lemma char_matrix_inverse_mult:
  fixes W M A :: "'a::field mat"
  assumes W: "W \<in> carrier_mat n n" and M: "M \<in> carrier_mat n n" and A: "A \<in> carrier_mat n n"
    and WM: "W * M = 1\<^sub>m n"
  shows "char_matrix (W * (M - A)) e = W * ((1 - e) \<cdot>\<^sub>m M - A)"
proof -
  have "W * (M - A) = 1\<^sub>m n - W * A" using W M A WM by (simp add: mult_minus_distrib_mat)
  moreover have "W * ((1 - e) \<cdot>\<^sub>m M - A) = (1 - e) \<cdot>\<^sub>m (W * M) - W * A"
    using W M A by (simp add: mult_minus_distrib_mat[of W n n _ n] mult_smult_distrib)
  ultimately show ?thesis
    unfolding char_matrix_def WM using W A by (intro eq_matI) (auto simp: algebra_simps)
qed

lemma smult_inverse_mult_minus:
  fixes W L P A :: "'a::field mat"
  assumes W: "W \<in> carrier_mat n n" and L: "L \<in> carrier_mat n n" and P: "P \<in> carrier_mat n n"
    and A: "A \<in> carrier_mat n n" and WL: "W * L = 1\<^sub>m n"
  shows "c \<cdot>\<^sub>m (W * P) - A = W * (c \<cdot>\<^sub>m P - L * A)"
proof -
  have "W * (c \<cdot>\<^sub>m P - L * A) = c \<cdot>\<^sub>m (W * P) - (W * L) * A"
    using W L P A by (simp add: mult_minus_distrib_mat[of W n n _ n] mult_smult_distrib assoc_mult_mat)
  then show ?thesis using WL A by simp
qed

lemma Lmat_carrier: "Lmat (Suc m) \<in> carrier_mat (Suc m) (Suc m)"
  unfolding Lmat_def by auto

lemma det_Lmat: "det (Lmat n) = 1"
  unfolding Lmat_def by (subst det_four_block_mat_upper_right_zero_col) auto

lemma Lmat_mult_zero_colsum:
  fixes A :: "real mat"
  assumes A: "A \<in> carrier_mat (Suc m) (Suc m)"
    and colsum: "\<And>j. j < Suc m \<Longrightarrow> (\<Sum>i<Suc m. A $$ (i,j)) = 0"
    and i: "i < Suc m" and j: "j < Suc m"
  shows "(Lmat (Suc m) * A) $$ (i,j) = (if i < m then A $$ (i,j) else 0)"
proof -
  have "(Lmat (Suc m) * A) $$ (i,j) = (\<Sum>k<Suc m. Lmat (Suc m) $$ (i,k) * A $$ (k,j))"
    using A i j Lmat_carrier[of m] by (simp add: scalar_prod_def atLeast0LessThan)
  also have "\<dots> = (\<Sum>k<Suc m. (if i < m then of_bool (i = k) else 1) * A $$ (k,j))"
    using i by (intro sum.cong) (auto simp: Lmat_def)
  also have "\<dots> = (if i < m then A $$ (i,j) else 0)"
    using colsum[OF j] i by (auto simp: of_bool_def if_distrib[of "\<lambda>x. x * _"] cong: if_cong)
  finally show ?thesis .
qed

lemma det_blk_minus_Lmat_mult:
  fixes A D :: "real mat" and c :: complex
  assumes A: "A \<in> carrier_mat (Suc m) (Suc m)"
    and colsum: "\<And>j. j < Suc m \<Longrightarrow> (\<Sum>i<Suc m. A $$ (i,j)) = 0"
    and D: "D \<in> carrier_mat m m"
  shows "det (c \<cdot>\<^sub>m map_mat of_real (blk (Suc m) D) - map_mat of_real (Lmat (Suc m) * A))
       = c * det (c \<cdot>\<^sub>m map_mat of_real D - map_mat of_real (lead_sub A))"
proof -
  let ?c = "map_mat complex_of_real"
  let ?U = "c \<cdot>\<^sub>m ?c D - ?c (lead_sub A)"
  define LA where "LA = Lmat (Suc m) * A"
  have LA: "LA \<in> carrier_mat (Suc m) (Suc m)" using A Lmat_carrier[of m] by (simp add: LA_def)
  have "c \<cdot>\<^sub>m ?c (blk (Suc m) D) - ?c LA
      = four_block_mat ?U (mat m 1 (\<lambda>(i,_). - of_real (A $$ (i,m)))) (0\<^sub>m 1 m) (c \<cdot>\<^sub>m 1\<^sub>m 1)"
    using A D LA Lmat_mult_zero_colsum[OF A colsum, folded LA_def]
    by (intro eq_matI) (auto simp: blk_def lead_sub_def less_Suc_eq)
  also have "det \<dots> = det ?U * det (c \<cdot>\<^sub>m (1\<^sub>m 1 :: complex mat))"
    using D A by (intro det_four_block_mat_lower_left_zero) (auto simp: lead_sub_def)
  finally show ?thesis by (simp add: LA_def)
qed

lemma det_char_matrix_inverse_split:
  fixes W WL L P A :: "real mat" and \<mu> :: complex
  assumes W: "W \<in> carrier_mat n n" and WL: "WL \<in> carrier_mat n n" and L: "L \<in> carrier_mat n n"
    and P: "P \<in> carrier_mat n n" and A: "A \<in> carrier_mat n n"
    and WLL: "WL * L = 1\<^sub>m n" and WP: "W * (WL * P) = 1\<^sub>m n"
  shows "det (char_matrix (map_mat of_real (W * (WL * P - A))) \<mu>)
    = of_real (det W * det WL) * det ((1 - \<mu>) \<cdot>\<^sub>m map_mat of_real P - map_mat of_real (L * A))"
proof -
  let ?c = "map_mat complex_of_real"
  have cWP: "?c (WL * P) = ?c WL * ?c P" using WL P by (simp add: of_real_hom.mat_hom_mult)
  have "?c (WL * P - A) = ?c (WL * P) - ?c A" using WL P A by (intro eq_matI) auto
  moreover have "WL * P - A \<in> carrier_mat n n" using A by (rule minus_carrier_mat)
  ultimately have "?c (W * (WL * P - A)) = ?c W * (?c (WL * P) - ?c A)"
    by (simp add: of_real_hom.mat_hom_mult[OF W])
  then have "char_matrix (?c (W * (WL * P - A))) \<mu> = ?c W * ((1 - \<mu>) \<cdot>\<^sub>m ?c (WL * P) - ?c A)"
    using W WL P A of_real_mat_inverse[OF W _ WP] by (simp add: char_matrix_inverse_mult)
  also have "(1 - \<mu>) \<cdot>\<^sub>m ?c (WL * P) - ?c A = ?c WL * ((1 - \<mu>) \<cdot>\<^sub>m ?c P - ?c L * ?c A)"
    unfolding cWP using WL P A L of_real_mat_inverse[OF WL L WLL]
    by (intro smult_inverse_mult_minus) auto
  also have "?c L * ?c A = ?c (L * A)" using L A by (simp add: of_real_hom.mat_hom_mult)
  finally have char: "char_matrix (?c (W * (WL * P - A))) \<mu>
      = ?c W * (?c WL * ((1 - \<mu>) \<cdot>\<^sub>m ?c P - ?c (L * A)))" .
  have "(1 - \<mu>) \<cdot>\<^sub>m ?c P - ?c (L * A) \<in> carrier_mat n n"
    using L A by (intro minus_carrier_mat) simp
  then show ?thesis unfolding char using W WL by (simp add: det_mult[of _ n])
qed

lemma iter_mat_factor:
  fixes A :: "real mat" and X :: "real mat \<Rightarrow> real mat"
  assumes A: "A \<in> carrier_mat (Suc m) (Suc m)"
    and D: "X (lead_sub A) \<in> carrier_mat m m" and detD: "det (X (lead_sub A)) \<noteq> 0"
  obtains W WL where "W \<in> carrier_mat (Suc m) (Suc m)" "WL \<in> carrier_mat (Suc m) (Suc m)"
    "WL * Lmat (Suc m) = 1\<^sub>m (Suc m)" "W * (WL * blk (Suc m) (X (lead_sub A))) = 1\<^sub>m (Suc m)"
    "iter_mat X A = W * (WL * blk (Suc m) (X (lead_sub A)) - A)"
proof -
  let ?n = "Suc m"
  define P where "P = blk ?n (X (lead_sub A))"
  have L: "Lmat ?n \<in> carrier_mat ?n ?n" by (rule Lmat_carrier)
  obtain WL where WL: "mat_inverse (Lmat ?n) = Some WL" "WL \<in> carrier_mat ?n ?n" "WL * Lmat ?n = 1\<^sub>m ?n"
    using mat_inverse_det_nonzero[OF L] det_Lmat by (metis one_neq_zero)
  have P: "P \<in> carrier_mat ?n ?n" using D by (auto simp: P_def blk_def)
  have "det P = det (X (lead_sub A))"
    unfolding P_def blk_def using D by (subst det_four_block_mat_upper_right_zero_col) auto
  moreover have "det WL * det (Lmat ?n) = 1" using det_mult[OF WL(2) L] WL(3) by simp
  ultimately have "det (WL * P) \<noteq> 0" using det_mult[OF WL(2) P] detD by (auto simp: det_Lmat)
  then obtain W where W: "mat_inverse (WL * P) = Some W" "W \<in> carrier_mat ?n ?n" "W * (WL * P) = 1\<^sub>m ?n"
    using mat_inverse_det_nonzero[of "WL * P" ?n] WL(2) P by auto
  have "iter_mat X A = W * (WL * P - A)"
    unfolding iter_mat_def Mprime_def mat_inv_def using A WL(1) W(1) by (simp add: P_def)
  then show ?thesis using that W(2,3) WL(2,3) by (simp add: P_def)
qed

──────────────────────────────

** EXERCISE REQUIREMENTS **
The reply should consist solely of the lines above from the one that has "map_mat of_real D" through the one that has "(WL * P - A))) \<mu>)", reproduced exactly.

** TASK RESPONSE **
       = c * det (c \<cdot>\<^sub>m map_mat of_real D - map_mat of_real (lead_sub A))"
proof -
  let ?c = "map_mat complex_of_real"
  let ?U = "c \<cdot>\<^sub>m ?c D - ?c (lead_sub A)"
  define LA where "LA = Lmat (Suc m) * A"
  have LA: "LA \<in> carrier_mat (Suc m) (Suc m)" using A Lmat_carrier[of m] by (simp add: LA_def)
  have "c \<cdot>\<^sub>m ?c (blk (Suc m) D) - ?c LA
      = four_block_mat ?U (mat m 1 (\<lambda>(i,_). - of_real (A $$ (i,m)))) (0\<^sub>m 1 m) (c \<cdot>\<^sub>m 1\<^sub>m 1)"
    using A D LA Lmat_mult_zero_colsum[OF A colsum, folded LA_def]
    by (intro eq_matI) (auto simp: blk_def lead_sub_def less_Suc_eq)
  also have "det \<dots> = det ?U * det (c \<cdot>\<^sub>m (1\<^sub>m 1 :: complex mat))"
    using D A by (intro det_four_block_mat_lower_left_zero) (auto simp: lead_sub_def)
  finally show ?thesis by (simp add: LA_def)
qed

lemma det_char_matrix_inverse_split:
  fixes W WL L P A :: "real mat" and \<mu> :: complex
  assumes W: "W \<in> carrier_mat n n" and WL: "WL \<in> carrier_mat n n" and L: "L \<in> carrier_mat n n"
    and P: "P \<in> carrier_mat n n" and A: "A \<in> carrier_mat n n"
    and WLL: "WL * L = 1\<^sub>m n" and WP: "W * (WL * P) = 1\<^sub>m n"
  shows "det (char_matrix (map_mat of_real (W * (WL * P - A))) \<mu>)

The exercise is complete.